**Task description**: Exactly as written, reproduce all of the entries.

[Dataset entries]

== Segment start ==

lemma common_certainty_prior:
  assumes I: "I \<subseteq> N" and E: "E \<in> A" "\<forall>i\<in>I. \<forall>\<omega>\<in>E. t i \<omega> E = 1"
    and finite_priors: "\<And>J. finite J \<Longrightarrow> J \<subseteq> I \<Longrightarrow>
      \<exists>P\<in>pba \<Omega> A. (\<forall>j\<in>J. P \<in> Pi_set \<Omega> A t j) \<and> 0 < P E"
  shows "\<exists>Q\<in>pba \<Omega> A. Q E = 1 \<and> (\<forall>i\<in>I. Q \<in> Pi_set \<Omega> A t i)"
proof -
  note fld = type_space_field
  define K where "K = Pi\<^sub>E UNIV (\<lambda>_. {0..1}) \<inter> pba \<Omega> A \<inter> {Q. Q E = 1}"
  define C where "C i = {Q. pointwise_adherent A (type_conv \<Omega> (t i)) Q}" for i
  have "compact K"
    unfolding K_def
    by (intro compact_Int_closed compact_unit_valued closed_pba closed_Collect_eq
        continuous_on_const continuous_on_product_coordinates)
  moreover have "closed (C i)" for i
    unfolding C_def by (rule closed_pointwise_adherent)
  moreover have "K \<inter> (\<Inter>j\<in>J. C j) \<noteq> {}" if J: "finite J" "J \<subseteq> I" for J
  proof -
    obtain P where P: "P \<in> pba \<Omega> A" "\<forall>j\<in>J. P \<in> Pi_set \<Omega> A t j" "0 < P E"
      using finite_priors[OF J] by blast
    have "conditional A P E \<in> K"
      unfolding K_def
      using conditional_unit_valued[OF fld P(1) E(1) P(3)] conditional_pba[OF fld P(1) E(1) P(3)]
        conditional_self[where P = P, OF E(1) P(3)] by blast
    moreover have "conditional A P E \<in> C j" if "j \<in> J" for j
    proof -
      have "j \<in> N" "\<forall>\<omega>\<in>E. t j \<omega> E = 1"
        using that J(2) I E(2) by auto
      moreover have "pointwise_adherent A (type_conv \<Omega> (t j)) P"
        using Pi_set_iff_pointwise_adherent[OF \<open>j \<in> N\<close> P(1)] P(2) that by blast
      ultimately show ?thesis
        unfolding C_def using pointwise_adherent_conditional P(1,3) E(1) by blast
    qed
    ultimately show ?thesis
      by blast
  qed
  ultimately have "K \<inter> (\<Inter>i\<in>I. C i) \<noteq> {}"
    by (rule compact_imp_fip_image)
  then obtain Q where Q: "Q \<in> pba \<Omega> A" "Q E = 1" "\<forall>i\<in>I. pointwise_adherent A (type_conv \<Omega> (t i)) Q"
    unfolding K_def C_def by blast
  have "Q \<in> Pi_set \<Omega> A t i" if "i \<in> I" for i
    using Pi_set_iff_pointwise_adherent[OF _ Q(1), of i] Q(3) I that by blast
  then have "\<forall>i\<in>I. Q \<in> Pi_set \<Omega> A t i"
    by blast
  then show ?thesis
    using Q by blast
qed

lemma cc_component_certain_event:
  assumes S: "cc_component \<Omega> A t I S" and I: "I \<subseteq> N" "I \<noteq> {}"
  obtains E where "E \<in> A" "E \<subseteq> S" "\<forall>i\<in>I. \<forall>\<omega>\<in>E. t i \<omega> E = 1"
    "\<And>J. J \<subseteq> I \<Longrightarrow> cc_component \<Omega> A t J E"
proof -
  obtain E where E: "E \<in> A" "E \<subseteq> S" "\<forall>\<omega>\<in>S. \<forall>i\<in>I. t i \<omega> E = 1" and "S \<noteq> {}" "S \<subseteq> \<Omega>"
    using S unfolding cc_component_def by blast
  obtain i \<omega> where "i \<in> I" "\<omega> \<in> S"
    using I(2) \<open>S \<noteq> {}\<close> by blast
  moreover have "i \<in> N" "\<omega> \<in> \<Omega>"
    using \<open>i \<in> I\<close> \<open>\<omega> \<in> S\<close> I(1) \<open>S \<subseteq> \<Omega>\<close> by auto
  ultimately have "t i \<omega> E = 1" "t i \<omega> {} = 0"
    using E(3) pba_empty[OF type_space_field type_pba] by auto
  then have "E \<noteq> {}"
    by auto
  then have "cc_component \<Omega> A t J E" if "J \<subseteq> I" for J
    unfolding cc_component_def using E \<open>S \<subseteq> \<Omega>\<close> that by blast
  then show thesis
    using that E by blast
qed

lemma consistent_on_from_finite_subfamilies:
  assumes I: "I \<subseteq> N" and S: "cc_component \<Omega> A t I S"
    and finite_consistent: "\<And>J E. finite J \<Longrightarrow> J \<subseteq> I \<Longrightarrow> cc_component \<Omega> A t J E \<Longrightarrow>
      consistent_on \<Omega> A t J E"
  shows "consistent_on \<Omega> A t I S"
proof (cases "finite I")
  case True
  then show ?thesis
    using finite_consistent S by blast
next
  case False
  then have "I \<noteq> {}"
    by auto
  then obtain E where E: "E \<in> A" "E \<subseteq> S" "\<forall>i\<in>I. \<forall>\<omega>\<in>E. t i \<omega> E = 1"
    and cc_E: "\<And>J. J \<subseteq> I \<Longrightarrow> cc_component \<Omega> A t J E"
    using cc_component_certain_event[OF S I] by blast
  have "\<exists>P\<in>pba \<Omega> A. (\<forall>j\<in>J. P \<in> Pi_set \<Omega> A t j) \<and> 0 < P E" if "finite J" "J \<subseteq> I" for J
    using finite_consistent[OF that cc_E[OF that(2)]] E(1) by (rule consistent_on_imp_positive)
  then obtain Q where Q: "Q \<in> pba \<Omega> A" "Q E = 1" "\<forall>i\<in>I. Q \<in> Pi_set \<Omega> A t i"
    using common_certainty_prior[OF I E(1,3)] by blast
  have "S \<subseteq> \<Omega>"
    using S by (simp add: cc_component_def)
  then show ?thesis
    using Q(2) by (intro consistent_onI[OF type_space_field Q(1,3) E(1,2)]) auto
qed

end

theorem lemma6:
  fixes \<Omega> :: "'a set" and A :: "'a set set" and N :: "'i set"
    and M :: "'i \<Rightarrow> 'a set set" and t :: "'i \<Rightarrow> 'a \<Rightarrow> 'a set \<Rightarrow> real"
  assumes "type_space \<Omega> A N M t"
  shows "universally_consistent \<Omega> A N t \<longleftrightarrow>
    (\<forall>I. I \<subseteq> N \<longrightarrow> (\<forall>S. cc_component \<Omega> A t I S \<longrightarrow> consistent_on \<Omega> A t I S))"
proof
  assume UC: "universally_consistent \<Omega> A N t"
  show "\<forall>I. I \<subseteq> N \<longrightarrow> (\<forall>S. cc_component \<Omega> A t I S \<longrightarrow> consistent_on \<Omega> A t I S)"
  proof (intro allI impI)
    fix I S assume I: "I \<subseteq> N" and S: "cc_component \<Omega> A t I S"
    have "consistent_on \<Omega> A t J E" if "finite J" "J \<subseteq> I" "cc_component \<Omega> A t J E" for J E
      using UC[unfolded universally_consistent_def, rule_format, of J E] that I by blast
    then show "consistent_on \<Omega> A t I S"
      by (rule consistent_on_from_finite_subfamilies[OF assms I S])
  qed
qed (auto simp: universally_consistent_def)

== Segment end ==

**Solution to this task**:
lemma common_certainty_prior:
  assumes I: "I \<subseteq> N" and E: "E \<in> A" "\<forall>i\<in>I. \<forall>\<omega>\<in>E. t i \<omega> E = 1"
    and finite_priors: "\<And>J. finite J \<Longrightarrow> J \<subseteq> I \<Longrightarrow>
      \<exists>P\<in>pba \<Omega> A. (\<forall>j\<in>J. P \<in> Pi_set \<Omega> A t j) \<and> 0 < P E"
  shows "\<exists>Q\<in>pba \<Omega> A. Q E = 1 \<and> (\<forall>i\<in>I. Q \<in> Pi_set \<Omega> A t i)"
proof -
  note fld = type_space_field
  define K where "K = Pi\<^sub>E UNIV (\<lambda>_. {0..1}) \<inter> pba \<Omega> A \<inter> {Q. Q E = 1}"
  define C where "C i = {Q. pointwise_adherent A (type_conv \<Omega> (t i)) Q}" for i
  have "compact K"
    unfolding K_def
    by (intro compact_Int_closed compact_unit_valued closed_pba closed_Collect_eq
        continuous_on_const continuous_on_product_coordinates)
  moreover have "closed (C i)" for i
    unfolding C_def by (rule closed_pointwise_adherent)
  moreover have "K \<inter> (\<Inter>j\<in>J. C j) \<noteq> {}" if J: "finite J" "J \<subseteq> I" for J
  proof -
    obtain P where P: "P \<in> pba \<Omega> A" "\<forall>j\<in>J. P \<in> Pi_set \<Omega> A t j" "0 < P E"
      using finite_priors[OF J] by blast
    have "conditional A P E \<in> K"
      unfolding K_def
      using conditional_unit_valued[OF fld P(1) E(1) P(3)] conditional_pba[OF fld P(1) E(1) P(3)]
        conditional_self[where P = P, OF E(1) P(3)] by blast
    moreover have "conditional A P E \<in> C j" if "j \<in> J" for j
    proof -
      have "j \<in> N" "\<forall>\<omega>\<in>E. t j \<omega> E = 1"
        using that J(2) I E(2) by auto
      moreover have "pointwise_adherent A (type_conv \<Omega> (t j)) P"
        using Pi_set_iff_pointwise_adherent[OF \<open>j \<in> N\<close> P(1)] P(2) that by blast
      ultimately show ?thesis
        unfolding C_def using pointwise_adherent_conditional P(1,3) E(1) by blast
    qed
    ultimately show ?thesis
      by blast
  qed
  ultimately have "K \<inter> (\<Inter>i\<in>I. C i) \<noteq> {}"
    by (rule compact_imp_fip_image)
  then obtain Q where Q: "Q \<in> pba \<Omega> A" "Q E = 1" "\<forall>i\<in>I. pointwise_adherent A (type_conv \<Omega> (t i)) Q"
    unfolding K_def C_def by blast
  have "Q \<in> Pi_set \<Omega> A t i" if "i \<in> I" for i
    using Pi_set_iff_pointwise_adherent[OF _ Q(1), of i] Q(3) I that by blast
  then have "\<forall>i\<in>I. Q \<in> Pi_set \<Omega> A t i"
    by blast
  then show ?thesis
    using Q by blast
qed

lemma cc_component_certain_event:
  assumes S: "cc_component \<Omega> A t I S" and I: "I \<subseteq> N" "I \<noteq> {}"
  obtains E where "E \<in> A" "E \<subseteq> S" "\<forall>i\<in>I. \<forall>\<omega>\<in>E. t i \<omega> E = 1"
    "\<And>J. J \<subseteq> I \<Longrightarrow> cc_component \<Omega> A t J E"
proof -
  obtain E where E: "E \<in> A" "E \<subseteq> S" "\<forall>\<omega>\<in>S. \<forall>i\<in>I. t i \<omega> E = 1" and "S \<noteq> {}" "S \<subseteq> \<Omega>"
    using S unfolding cc_component_def by blast
  obtain i \<omega> where "i \<in> I" "\<omega> \<in> S"
    using I(2) \<open>S \<noteq> {}\<close> by blast
  moreover have "i \<in> N" "\<omega> \<in> \<Omega>"
    using \<open>i \<in> I\<close> \<open>\<omega> \<in> S\<close> I(1) \<open>S \<subseteq> \<Omega>\<close> by auto
  ultimately have "t i \<omega> E = 1" "t i \<omega> {} = 0"
    using E(3) pba_empty[OF type_space_field type_pba] by auto
  then have "E \<noteq> {}"
    by auto
  then have "cc_component \<Omega> A t J E" if "J \<subseteq> I" for J
    unfolding cc_component_def using E \<open>S \<subseteq> \<Omega>\<close> that by blast
  then show thesis
    using that E by blast
qed

lemma consistent_on_from_finite_subfamilies:
  assumes I: "I \<subseteq> N" and S: "cc_component \<Omega> A t I S"
    and finite_consistent: "\<And>J E. finite J \<Longrightarrow> J \<subseteq> I \<Longrightarrow> cc_component \<Omega> A t J E \<Longrightarrow>
      consistent_on \<Omega> A t J E"
  shows "consistent_on \<Omega> A t I S"
proof (cases "finite I")
  case True
  then show ?thesis
    using finite_consistent S by blast
next
  case False
  then have "I \<noteq> {}"
    by auto
  then obtain E where E: "E \<in> A" "E \<subseteq> S" "\<forall>i\<in>I. \<forall>\<omega>\<in>E. t i \<omega> E = 1"
    and cc_E: "\<And>J. J \<subseteq> I \<Longrightarrow> cc_component \<Omega> A t J E"
    using cc_component_certain_event[OF S I] by blast
  have "\<exists>P\<in>pba \<Omega> A. (\<forall>j\<in>J. P \<in> Pi_set \<Omega> A t j) \<and> 0 < P E" if "finite J" "J \<subseteq> I" for J
    using finite_consistent[OF that cc_E[OF that(2)]] E(1) by (rule consistent_on_imp_positive)
  then obtain Q where Q: "Q \<in> pba \<Omega> A" "Q E = 1" "\<forall>i\<in>I. Q \<in> Pi_set \<Omega> A t i"
    using common_certainty_prior[OF I E(1,3)] by blast
  have "S \<subseteq> \<Omega>"
    using S by (simp add: cc_component_def)
  then show ?thesis
    using Q(2) by (intro consistent_onI[OF type_space_field Q(1,3) E(1,2)]) auto
qed

end

theorem lemma6:
  fixes \<Omega> :: "'a set" and A :: "'a set set" and N :: "'i set"
    and M :: "'i \<Rightarrow> 'a set set" and t :: "'i \<Rightarrow> 'a \<Rightarrow> 'a set \<Rightarrow> real"
  assumes "type_space \<Omega> A N M t"
  shows "universally_consistent \<Omega> A N t \<longleftrightarrow>
    (\<forall>I. I \<subseteq> N \<longrightarrow> (\<forall>S. cc_component \<Omega> A t I S \<longrightarrow> consistent_on \<Omega> A t I S))"
proof
  assume UC: "universally_consistent \<Omega> A N t"
  show "\<forall>I. I \<subseteq> N \<longrightarrow> (\<forall>S. cc_component \<Omega> A t I S \<longrightarrow> consistent_on \<Omega> A t I S)"
  proof (intro allI impI)
    fix I S assume I: "I \<subseteq> N" and S: "cc_component \<Omega> A t I S"
    have "consistent_on \<Omega> A t J E" if "finite J" "J \<subseteq> I" "cc_component \<Omega> A t J E" for J E
      using UC[unfolded universally_consistent_def, rule_format, of J E] that I by blast
    then show "consistent_on \<Omega> A t I S"
      by (rule consistent_on_from_finite_subfamilies[OF assms I S])
  qed
qed (auto simp: universally_consistent_def)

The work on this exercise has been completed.